Reaching back to St. Paul’s letter to the Romans, Joseph Ratzinger comments on the inextricable link between the natural desire for and knowledge of God—prior to and distinct from religious doctrine and faith—and the ability to recognize such things:

[The apostle] declares that in reality this society knows God very well . . . . ‘So they are without excuse (1:20).’ According to the apostle the truth is accessible to them, but they do not want it, because they refuse the demands that the truth would make on them . . . . When man prefers his own egoism, his pride, and his convenience to the demands made on him by the truth, the only possible outcome is an upside-down existence. Adoration is due to God alone, but what is adored is no longer God; images, outward appearances, and current opinion have dominion over man. This general alteration extends to every sphere of life. That which is against nature becomes the norm; the man who lives against the truth also lives against nature. His creativity is no longer at the service of the good: he devotes his genius to ever more refined forms of evil. The bonds between man and woman, and between parents and children are dissolved so that the very sources from which life springs are blocked up. It is no longer life that reigns, but death. A civilization of death is formed.

The point here is to recover the reasonable, and therefore universal, dimension of religion, beginning with the desire for God.
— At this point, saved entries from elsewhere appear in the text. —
lemma wmc_Conj:
  assumes "finite X" "finite Y" "X \<inter> Y = {}" "set_form a \<subseteq> X" "set_form b \<subseteq> Y"
  shows "wmc (X \<union> Y) (concat_vec X p q) (Conj a b) = wmc X p a * wmc Y q b"
proof -
  let ?union = "\<lambda>(A, B). A \<union> B"
  define h where "h S = (if eval (\<lambda>i. i \<in> S) (Conj a b)
    then state_weight (X \<union> Y) (concat_vec X p q) S else 0)" for S
  define f where "f A = (if eval (\<lambda>i. i \<in> A) a then state_weight X p A else 0)" for A
  define g where "g B = (if eval (\<lambda>i. i \<in> B) b then state_weight Y q B else 0)" for B
  have Pow_union: "Pow (X \<union> Y) = ?union ` (Pow X \<times> Pow Y)"
  proof
    show "Pow (X \<union> Y) \<subseteq> ?union ` (Pow X \<times> Pow Y)"
    proof
      fix S assume "S \<in> Pow (X \<union> Y)"
      then have "S = ?union (S \<inter> X, S \<inter> Y)" by auto
      then show "S \<in> ?union ` (Pow X \<times> Pow Y)" by blast
    qed
  qed auto
  have inj: "inj_on ?union (Pow X \<times> Pow Y)"
    using assms(3) by (intro inj_onI) (auto, blast+)
  have summand: "h (A \<union> B) = f A * g B"
    if "A \<subseteq> X" "B \<subseteq> Y" for A B
  proof -
    have "eval (\<lambda>i. i \<in> A \<union> B) a = eval (\<lambda>i. i \<in> A) a"
      "eval (\<lambda>i. i \<in> A \<union> B) b = eval (\<lambda>i. i \<in> B) b"
      by (rule eval_cong; use that assms in auto)+
    then show ?thesis
      using state_weight_concat_vec[OF assms(1-3) that] by (simp add: h_def f_def g_def)
  qed
  have "wmc (X \<union> Y) (concat_vec X p q) (Conj a b) = (\<Sum>(A, B)\<in>Pow X \<times> Pow Y. f A * g B)"
    unfolding wmc_def h_def[symmetric] Pow_union sum.reindex[OF inj]
    by (rule sum.cong) (auto simp: summand)
  also have "\<dots> = sum f (Pow X) * sum g (Pow Y)"
    by (simp add: sum_product sum.cartesian_product)
  finally show ?thesis unfolding wmc_def f_def g_def .
qed

lemma neglog_1 [simp]: "neglog 1 = 0"
  by (simp add: neglog_def zero_ereal_def)

lemma neglog_half: "neglog (1/2) = ereal (ln 2)"
  by (simp add: neglog_def ln_div)

lemma neglog_mult:
  assumes "c > 0" "x \<ge> 0" "y \<ge> 0"
  shows "ereal c * neglog (x * y) = ereal c * neglog x + ereal c * neglog y"
  using assms by (cases "x = 0 \<or> y = 0") (auto simp: neglog_def ln_mult algebra_simps)

lemma neglog_antimono: "0 \<le> x \<Longrightarrow> x \<le> y \<Longrightarrow> neglog y \<le> neglog x"
  by (cases "x = 0") (auto simp: neglog_def)

lemma expo_0: "K > 0 \<Longrightarrow> expo K 0 = 1"
  by (simp add: expo_def)

lemma expo_add:
  assumes "K > 0" "x \<noteq> -\<infinity>" "y \<noteq> -\<infinity>"
  shows "expo K (x + y) = expo K x * expo K y"
  using assms by (cases x; cases y) (auto simp: expo_def simp flip: powr_add)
We must fight not only for the “right” to it, and not only as concerns “religious things” typically understood, but as concerns the visible, rationally accessible things of the world. Recent events should have made this clear by now.

Additionally, as for their conduct in the public square, believers ought to appreciate the fact that it is almost exclusively from religious quarters that arguments are being made for our “being awake” (not in a dream). This ought to dispel some of the nervousness more typical of Catholics who rightly want to make rational (natural law) arguments in the public square—nervousness about “contaminating” those arguments with any taint of religion. Might it not be, on the contrary, that igniting the religious question−−beginning with the desire for God, which Ratzinger called “the very foundation of all rationality” ―will be the best, if not only, way forward toward a restoration of reason to a public square? One must, after all, have reasons to be open to reality and its demands. One must be able to perceive in it a “source from which life springs.”

None of this means, of course, that Christians are left “only” with witnessing, where witnessing is set off from making judgments about the current situation and public arguments for the things as they really are, not to mention waging legal battles. Pope Paul VI famously said that “modern man listens more willingly to witnesses than to teachers, and if he does listen to teachers it is because they are witnesses.”

The witness of Christians―how they live together, raise their children, enliven parishes and neighborhoods, work and treat the natural environment, all the while drinking deeply from the Christian tradition―will be key in the current climate, just as it was in the first centuries. Those engaged in the public square ought to appreciate how necessary this (already public) activity is for helping the world to see the things for which they are offering rational arguments. And all believers ought to see that this option is not really an option at all, not only because it may now be the only remaining card in the deck, but because it is a basic feature of Christianity’s relation to the world, today and always.

At the same time, part of what it means to be a witness is to have seen and understood something and be able say something about it more than its “name.” If to be a witness means to bear something in the flesh, that something born in the flesh is a logos (a reason), not merely a “sincerely held belief,” just as it was for the Witness. Christian witness will mean therefore that Christians, like Him, must be teachers, ready to give an answer to anyone who asks a reason for the hope that is in them (I Pet. 3:15). We should not underestimate the attractiveness of that— especially now, in a world so deprived of it.